──────── Data for processing
(* Let $G$ be a group with a split $BN$-pair $(H,U,N)$ whose Weyl group is $W=N/H=\{1,s_1\}$. Let $n_1\in N$ with $s_1=n_1H$, let $U^-:=U^{n_1}$, $(U^-)^*:=U^-\setminus\{1\}$, and \[ \widetilde H:=\{h\in H:\ \exists\, u^-\in (U^-)^*\text{ with } Uu^-U=Un_1hU\}. \] Then the following are equivalent: (a) $(U^-)^*\cap Un_1hU\neq\emptyset$ for all $h\in H$ (equivalently, $\widetilde H=H$); (b) $U(U^-)^*U=Un_1HU$; (c) $G=(UU^-)^2=UU^-UU^-$.
   Context: A split $BN$-pair $(H,U,N)$ for $G$ means $B=H\ltimes U$ and $N$ satisfy the axioms of split $BN$-pairs (as in Carter, Finite Groups of Lie Type, \S 2.5) with $H=B\cap N$. Here $s_1$ is the longest element of $W$, so $U^{-}=U^{n_1}$ is the opposite unipotent subgroup. Products of subsets are setwise. *)

theory Defs
  imports "HOL-Algebra.Algebra"
begin

text \<open>BN-pair (Tits system) in the sense of Carter, Finite Groups of Lie Type, 2.5:
  B, N subgroups generating G, H = B \<inter> N normal in N, and W = N/H generated by
  involutions w_i = r_i H (r_i \<in> R \<subseteq> N) such that r_i B r_i^{-1} \<noteq> B and
  r_i B n \<subseteq> BnB \<union> B r_i n B for all n \<in> N.\<close>

definition BN_pair :: "('a, 'b) monoid_scheme \<Rightarrow> 'a set \<Rightarrow> 'a set \<Rightarrow> bool" where
  "BN_pair G B N \<longleftrightarrow>
     group G \<and> subgroup B G \<and> subgroup N G \<and>
     generate G (B \<union> N) = carrier G \<and>
     (B \<inter> N) \<lhd> (G\<lparr>carrier := N\<rparr>) \<and>
     (\<exists>R. R \<subseteq> N \<and> generate G (R \<union> (B \<inter> N)) = N \<and>
        (\<forall>r\<in>R. r \<notin> B \<inter> N \<and> r \<otimes>\<^bsub>G\<^esub> r \<in> B \<inter> N \<and>
           r <#\<^bsub>G\<^esub> B #>\<^bsub>G\<^esub> inv\<^bsub>G\<^esub> r \<noteq> B \<and>
           (\<forall>n\<in>N. r <#\<^bsub>G\<^esub> (B #>\<^bsub>G\<^esub> n) \<subseteq>
                (B #>\<^bsub>G\<^esub> n <#>\<^bsub>G\<^esub> B) \<union>
                (B #>\<^bsub>G\<^esub> (r \<otimes>\<^bsub>G\<^esub> n) <#>\<^bsub>G\<^esub> B))))"

definition split_BN_pair :: "('a, 'b) monoid_scheme \<Rightarrow> 'a set \<Rightarrow> 'a set \<Rightarrow> 'a set \<Rightarrow> bool" where
  "split_BN_pair G H U N \<longleftrightarrow>
     BN_pair G (H <#>\<^bsub>G\<^esub> U) N \<and>
     subgroup H G \<and> subgroup U G \<and>
     U \<lhd> (G\<lparr>carrier := H <#>\<^bsub>G\<^esub> U\<rparr>) \<and>
     H \<inter> U = {\<one>\<^bsub>G\<^esub>} \<and>
     H = (H <#>\<^bsub>G\<^esub> U) \<inter> N \<and>
     (\<Inter>n\<in>N. n <#\<^bsub>G\<^esub> (H <#>\<^bsub>G\<^esub> U) #>\<^bsub>G\<^esub> inv\<^bsub>G\<^esub> n) = H"

end

theory Submission
  imports Defs
begin

text \<open>Write B = HU and U- = n1^-1 U n1. Since W has order two, the Bruhat decomposition reads
  G = B \<union> U n1 H U. Moreover U- \<inter> B = 1, since an element of U- \<inter> B lies in every
  N-conjugate of B, and these intersect in H. So the nontrivial elements of U- lie in the big cell
  U n1 H U, whence U (U-)* U \<subseteq> U n1 H U, with equality iff (U-)* meets every double coset
  U n1 h U. If equality holds, the big cell lies in U U- U, and an element g of B is
  (g v0^-1) v0 for any v0 in (U-)*, where g v0^-1 lies outside B; hence G = U U- U U-.
  Conversely, write n1 h = u1 v1 u2 v2; since n1 h U- = U n1 h, the element v2 can be moved to
  the left of n1 h, which puts v1 into U n1 h U, and v1 \<noteq> 1 because n1 \<notin> B.\<close>

context group
begin
text \<open>
  The mixture is assembled from finitely many members of \<open>C\<close> for every word length \<open>n\<close> and every
  scale \<open>j\<close>. At scale \<open>j\<close> a greedy choice of about \<open>e^(n/j)\<close> measures \<open>\<mu>' \<in> C\<close> ensures that,
  for every \<open>\<mu> \<in> C\<close>, the words on which \<open>\<rho> \<le> n \<mu>\<close> but \<open>\<rho> > n \<mu>'\<close> for all chosen \<open>\<mu>'\<close> have
  \<open>\<rho>\<close>-mass at most \<open>e^(-n/j)\<close>; in addition every word \<open>x\<close> contributes a member of \<open>C\<close> that nearly
  maximises \<open>\<mu>(x)\<close>. With weights proportional to \<open>1/k\<^sup>2\<close>, the mixture \<open>\<nu>\<close> satisfies \<open>\<nu> \<ge> \<beta> \<rho>\<close>
  on the covered words, where \<open>log(1/\<beta>) \<le> 4n/j + O(log n)\<close>, and \<open>\<nu> \<ge> \<alpha> \<mu>\<close> everywhere, where
  \<open>log(1/\<alpha>) = O(n)\<close>. The uncovered words carry \<open>\<mu>\<close>-mass \<open>O(j (1 + d\<^sub>n(\<mu>,\<rho>)) / n)\<close>: on them
  \<open>\<mu>\<close> is either small compared to \<open>\<rho>\<close>, or comparable to \<open>\<rho>\<close> on a set of small \<open>\<rho>\<close>-mass, or much
  larger than \<open>\<rho>\<close>, which costs divergence. Hence \<open>d\<^sub>n(\<mu>,\<nu>) \<le> 4n/j + O\<^sub>j(d\<^sub>n(\<mu>,\<rho>) + log n)\<close>,
  and \<open>d\<^sub>n(\<mu>,\<nu>)/n \<rightarrow> 0\<close> follows by letting \<open>n \<rightarrow> \<infinity>\<close> and then \<open>j \<rightarrow> \<infinity>\<close>.
\<close>

section \<open>Cylinder probabilities and countable mixtures\<close>

lemma space_seq_prob:
  assumes "seq_prob (M :: 'a stream measure)"
  shows "space M = UNIV"
proof -
  have "space M = space (stream_space (count_space UNIV))"
    using assms unfolding seq_prob_def by (intro sets_eq_imp_space_eq) simp
  then show ?thesis
    by (simp add: space_stream_space)
qed
lemma (in real_distribution) cmod_char_sq_eq_integral_cos_diff:
  "(cmod (char M t))\<^sup>2 = (\<integral>p. cos (t * (fst p - snd p)) \<partial>(M \<Otimes>\<^sub>M M))"
proof -
  interpret pair_prob_space M M ..
  have bounded: "integrable (M \<Otimes>\<^sub>M M) (\<lambda>(x, y). g (t * x) * g (t * y))"
    if "g \<in> borel_measurable borel" "\<And>x. \<bar>g x\<bar> \<le> 1" for g :: "real \<Rightarrow> real"
    using that by (intro integrable_const_bound[where B=1])
      (auto simp: split_beta abs_mult intro!: AE_I2 mult_le_one)
  have "(\<integral>p. cos (t * (fst p - snd p)) \<partial>(M \<Otimes>\<^sub>M M))
      = (\<integral>(x, y). cos (t * x) * cos (t * y) \<partial>(M \<Otimes>\<^sub>M M))
        + (\<integral>(x, y). sin (t * x) * sin (t * y) \<partial>(M \<Otimes>\<^sub>M M))"
    by (subst Bochner_Integration.integral_add[symmetric, OF bounded bounded])
       (auto simp: split_beta right_diff_distrib cos_diff intro!: integral_cong)
  also have "\<dots> = (\<integral>x. cos (t * x) \<partial>M)\<^sup>2 + (\<integral>x. sin (t * x) \<partial>M)\<^sup>2"
    by (simp add: integral_fst'[OF bounded, symmetric] power2_eq_square)
  finally show ?thesis
    by (simp add: char_eq_Complex cmod_power2)
qed

section \<open>Tree sums and their laws\<close>

definition lam_expansion :: "real \<Rightarrow> (nat \<Rightarrow> real) \<Rightarrow> real" where
  "lam_expansion lam b = (\<Sum>n. b n * lam ^ Suc n)"

lemma bnu_eq_distr_lam_expansion:
  "bnu eta lam = distr (PiM UNIV (\<lambda>_. measure_pmf eta)) borel (lam_expansion lam)"
  unfolding bnu_def lam_expansion_def ..

lemma bfval_eq_lam_expansion: "bfval lam a w = lam_expansion lam (\<lambda>j. a (map w [0..<Suc j]))"
  unfolding bfval_def lam_expansion_def ..

lemma measurable_pmf_component [measurable]:
  "(\<lambda>b. b i) \<in> borel_measurable (PiM UNIV (\<lambda>_. measure_pmf (p :: real pmf)))"
proof -
  have "(\<lambda>x. x) \<in> borel_measurable (measure_pmf p)"
    by (simp add: measurable_cong_sets[OF sets_measure_pmf_count_space refl])
  from measurable_compose[OF measurable_component_singleton[of i UNIV] this] show ?thesis
    by simp
qed
lemma set_noadd_aux_subset: "set (noadd_aux par r T L) \<subseteq> set T \<union> set L"
proof (induction L arbitrary: T)
  case (Cons \<rho> L)
  then show ?case using Cons.IH[of T] Cons.IH[of "T @ [\<rho>]"] by auto
qed simp

lemma noadd_aux_independent:
  assumes "sorted_wrt (\<lambda>x y. req_dl x < req_dl y) L"
    and "\<forall>x\<in>set T. \<forall>y\<in>set L. req_dl x < req_dl y"
    and "deadline_independent par r (set T)"
  shows "deadline_independent par r (set (noadd_aux par r T L))"
  using assms
proof (induction L arbitrary: T)
  case (Cons \<rho> L)
  show ?case
  proof (cases "\<exists>\<rho>'\<in>set T. satisfies (path_to par r (req_node \<rho>'), req_dl \<rho>') \<rho>")
    case True
    then show ?thesis using Cons by simp
  next
    case False
    have "deadline_independent par r (set (T @ [\<rho>]))"
      using Cons.prems(2,3) False unfolding deadline_independent_def by fastforce
    then show ?thesis using Cons False by simp
  qed
qed simp

text \<open>Instantiating the locale \<open>folding_insort_key\<close> yields the locale constants
  \<open>linorder.insort_key (\<le>)\<close> etc., which are not syntactically the class constants used in
  the definition of Noadd.\<close>

lemma linorder_insort_key_eq: "linorder.insort_key ((\<le>) :: real \<Rightarrow> real \<Rightarrow> bool) = insort_key"
proof (intro ext)
  fix f :: "'b \<Rightarrow> real" and x xs
  show "linorder.insort_key (\<le>) f x xs = insort_key f x xs"
    by (induction xs) (simp_all add: linorder.insort_key.simps[OF linorder_class.linorder_axioms])
qed

lemma linorder_sorted_key_list_of_set_eq:
  "linorder.sorted_key_list_of_set ((\<le>) :: real \<Rightarrow> real \<Rightarrow> bool) = sorted_key_list_of_set"
  by (intro ext) (simp add: linorder_insort_key_eq sorted_key_list_of_set_def
      linorder.sorted_key_list_of_set_def[OF linorder_class.linorder_axioms])

lemma sorted_key_list_of_set_by_deadline:
  assumes "finite R" and "inj_on req_dl R"
  shows "set (sorted_key_list_of_set req_dl R) = R"
    and "sorted_wrt (\<lambda>x y. req_dl x < req_dl y) (sorted_key_list_of_set req_dl R)"
proof -
  interpret folding_insort_key "(\<le>) :: real \<Rightarrow> real \<Rightarrow> bool" "(<)" R req_dl
    rewrites "linorder.sorted_key_list_of_set (\<le>) = sorted_key_list_of_set"
    by unfold_locales (fact assms(2) linorder_sorted_key_list_of_set_eq)+
  show "set (sorted_key_list_of_set req_dl R) = R"
    using assms(1) by simp
  show "sorted_wrt (\<lambda>x y. req_dl x < req_dl y) (sorted_key_list_of_set req_dl R)"
    using strict_sorted_key_list_of_set[of R] by (simp add: sorted_wrt_map)
qed

lemma
  assumes "finite R" and "inj_on req_dl R"
  shows noadd_requests_subset: "noadd_requests par r R \<subseteq> R"
    and noadd_requests_independent: "deadline_independent par r (noadd_requests par r R)"
proof -
  note sorted = sorted_key_list_of_set_by_deadline[OF assms]
  show "noadd_requests par r R \<subseteq> R"
    using set_noadd_aux_subset[of par r "[]"] sorted(1) unfolding noadd_requests_def by auto
  show "deadline_independent par r (noadd_requests par r R)"
    using noadd_aux_independent[OF sorted(2), of "[]"] unfolding noadd_requests_def
    by (simp add: deadline_independent_def)
qed

lemma schedule_cost_noadd_schedule:
  assumes "finite R" and "inj_on req_dl R"
  shows "schedule_cost c (noadd_schedule par r R)
    = (\<Sum>\<rho>\<in>noadd_requests par r R. \<Sum>u\<in>path_to par r (req_node \<rho>). c u)"
proof -
  have "inj_on (\<lambda>\<rho>. (path_to par r (req_node \<rho>), req_dl \<rho>)) (noadd_requests par r R)"
    by (rule inj_on_imageI2[of snd])
      (simp add: comp_def inj_on_subset[OF assms(2) noadd_requests_subset[OF assms]])
  then show ?thesis
    unfolding schedule_cost_def noadd_schedule_def noadd_requests_def[symmetric]
    by (simp add: sum.reindex service_cost_def)
qed

lemma deadline_independent_eq_if_same_node_and_service:
  assumes "deadline_independent par r A" and "inj_on req_dl A"
    and "x \<in> A" and "y \<in> A" and "req_node x = req_node y"
    and "satisfies s x" and "satisfies s y"
  shows "x = y"
proof (rule ccontr)
  assume "x \<noteq> y"
  with assms(2-4) have "req_dl x \<noteq> req_dl y" by (auto dest: inj_onD)
  then consider "req_dl x < req_dl y" | "req_dl y < req_dl x" by linarith
  then show False
  proof cases
    case 1
    \<comment> \<open>the common transmission time \<open>t\<close> of \<open>s\<close> gives \<open>a\<^sub>y \<le> t \<le> d\<^sub>x\<close>\<close>
    then have "satisfies (path_to par r (req_node x), req_dl x) y"
      using assms(5-7) self_in_path_to[of "req_node x"] unfolding satisfies_def by auto
    with 1 assms(1,3,4) show False unfolding deadline_independent_def by blast
  next
    case 2
    then have "satisfies (path_to par r (req_node y), req_dl y) x"
      using assms(5-7) self_in_path_to[of "req_node y"] unfolding satisfies_def by auto
    with 2 assms(1,3,4) show False unfolding deadline_independent_def by blast
  qed
qed

lemma schedule_cost_eq_sum_Sigma:
  assumes "finite sch" and "\<forall>s\<in>sch. finite (fst s)"
  shows "schedule_cost c sch = (\<Sum>p\<in>Sigma sch fst. c (snd p))"
  unfolding schedule_cost_def service_cost_def
  using sum.Sigma[OF assms, of "\<lambda>s u. c u"] by (simp add: split_def)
────────────────
Aim of the exercise: Would you retype the lines above from the one with "text \<open>Instantiating the" down to the one with "proof (intro ext)", word for word, both ends included and no other lines?

Answer space:
text \<open>Instantiating the locale \<open>folding_insort_key\<close> yields the locale constants
  \<open>linorder.insort_key (\<le>)\<close> etc., which are not syntactically the class constants used in
  the definition of Noadd.\<close>

lemma linorder_insort_key_eq: "linorder.insort_key ((\<le>) :: real \<Rightarrow> real \<Rightarrow> bool) = insort_key"
proof (intro ext)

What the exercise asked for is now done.